CS4225

Course Title

Big Data Systems for Data Science

Grade

A-

Semester

AY23/24 S2

Review

This course is all about Big Data and the tools we can use to deal with them. The first part throws in a lot of new terminology and definitions at us. Like how we can measure the performance of a data pipeline, or measure how much space we need.This led up to the Map Reduce model, which makes up a pretty substantial part of the course. Map Reduce is like a pipeline, where data is passed through a series of functions, and each function does a little bit of processing on the data. The data is then passed to the next function, and so on. This is a very powerful model, as it allows us to process data in parallel, which is very important when dealing with large datasets. Questions they may ask are about designing the right functions to pass into the Map Reduce model, and how to ensure that the data is processed correctly. IIRC this whole part was the Hadoop part, which is the more traditional approach to dealing with big data.

The more modern one would be Spark, which takes away the need to manage everything with a master worker. Instead, the code becomes much simpler and more human-readable. The code becomes more iterative,so you can chain together operations to get the result you want. Spark is also where you'll find our real-time data processing, and how we manage synchronisation issues between the different worker nodes.

The end section deals with how we can use this data to come up with insights. Concepts like Machine Learning, page ranking and graph algorithms will be thrown about, but now in a new light. Now, we design our big data systems to support these algorithms. I quite liked this part as it's the more problem-solving part.

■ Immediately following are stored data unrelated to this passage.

lemma lca_paths_cycle:
  assumes ac: "acyclic E" and lca: "is_lca E {a, b} x"
    and P: "dpath E P x a" and Q: "dpath E Q x b" and "a \<noteq> b"
    and ac_E: "(a, c) \<in> E" and bc_E: "(b, c) \<in> E"
  shows "ucycle E (P @ c # rev (tl Q))"
    and "cycle_edges (P @ c # rev (tl Q)) =
           undirected_edges (path_edges P \<union> path_edges Q \<union> {(a, c), (b, c)})"
proof -
  let ?cs = "P @ c # rev (tl Q)"
  have "P \<noteq> []" "hd P = x" "last P = a" and eP: "path_edges P \<subseteq> E"
    using P by (auto simp: dpath_iff_path_edges)
  have "Q \<noteq> []" "last Q = b" and eQ: "path_edges Q \<subseteq> E"
    using Q by (auto simp: dpath_iff_path_edges)
  have Q_eq: "Q = x # tl Q" using Q by (cases Q) (auto simp: dpath_iff_path_edges)
  have closed: "?cs @ [hd ?cs] = P @ c # rev Q"
    using \<open>P \<noteq> []\<close> \<open>hd P = x\<close> by (subst (2) Q_eq) simp
  have edges: "path_edges (?cs @ [hd ?cs]) = path_edges P \<union> {(a, c), (c, b)} \<union> (path_edges Q)\<inverse>"
    unfolding closed using \<open>P \<noteq> []\<close> \<open>Q \<noteq> []\<close> \<open>last P = a\<close> \<open>last Q = b\<close>
    by (auto simp: path_edges_append path_edges_Cons path_edges_rev hd_rev)
  have "distinct P" "distinct Q" using acyclic_path_distinct[OF ac] eP eQ by auto
  moreover have "c \<notin> set P" "c \<notin> set Q"
    using acyclic_dpath_successor_notin[OF ac] P Q ac_E bc_E by auto
  moreover have "set P \<inter> set (tl Q) = {}"
    using lca_paths_meet_only_at_lca[OF lca P Q] \<open>distinct Q\<close> Q_eq
    by (metis disjoint_iff distinct.simps(2) list.set_intros(2))
  ultimately have "distinct ?cs" using Q_eq by (auto simp: distinct_tl) (metis list.set_intros(2))
  moreover have "length ?cs \<ge> 3"
  proof (cases "tl Q")
    case Nil
    then have "P \<noteq> [x]" using Q_eq \<open>last Q = b\<close> \<open>last P = a\<close> \<open>a \<noteq> b\<close> by metis
    then have "length P \<ge> 2" using \<open>P \<noteq> []\<close> \<open>hd P = x\<close> by (cases P; cases "tl P") auto
    then show ?thesis by simp
  qed (use \<open>P \<noteq> []\<close> in \<open>cases P; simp\<close>)
  moreover have "\<forall>(p, q) \<in> path_edges (?cs @ [hd ?cs]). uadj E p q"
    unfolding edges using eP eQ ac_E bc_E by (auto simp: uadj_def)
  ultimately show "ucycle E ?cs" by (simp add: ucycle_iff_path_edges)
  show "cycle_edges ?cs = undirected_edges (path_edges P \<union> path_edges Q \<union> {(a, c), (b, c)})"
  proof -
    have "cycle_edges ?cs = undirected_edges (path_edges (?cs @ [hd ?cs]))"
      by (rule cycle_edges_conv_path_edges) simp
    also have "\<dots> = undirected_edges (path_edges P \<union> {(a, c), (c, b)} \<union> (path_edges Q)\<inverse>)"
      by (simp only: edges)
    finally show ?thesis by (auto simp: undirected_edges_def image_iff insert_commute)
  qed
qed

The workload is pretty low, just 2 assignments with 1.5 month deadlines. It's really easy and it takes about 30 minutes to complete each assignment. Though, they are VERY heavy at 25% each, so it's best to wait around before submitting your work, in case you have any careless mistakes.

Am I right in what I've babbled about? Probably not, as I don't really remember much from the course, and probably why I only got an A-. Or maybe the bell curve was actually that high? Who knows.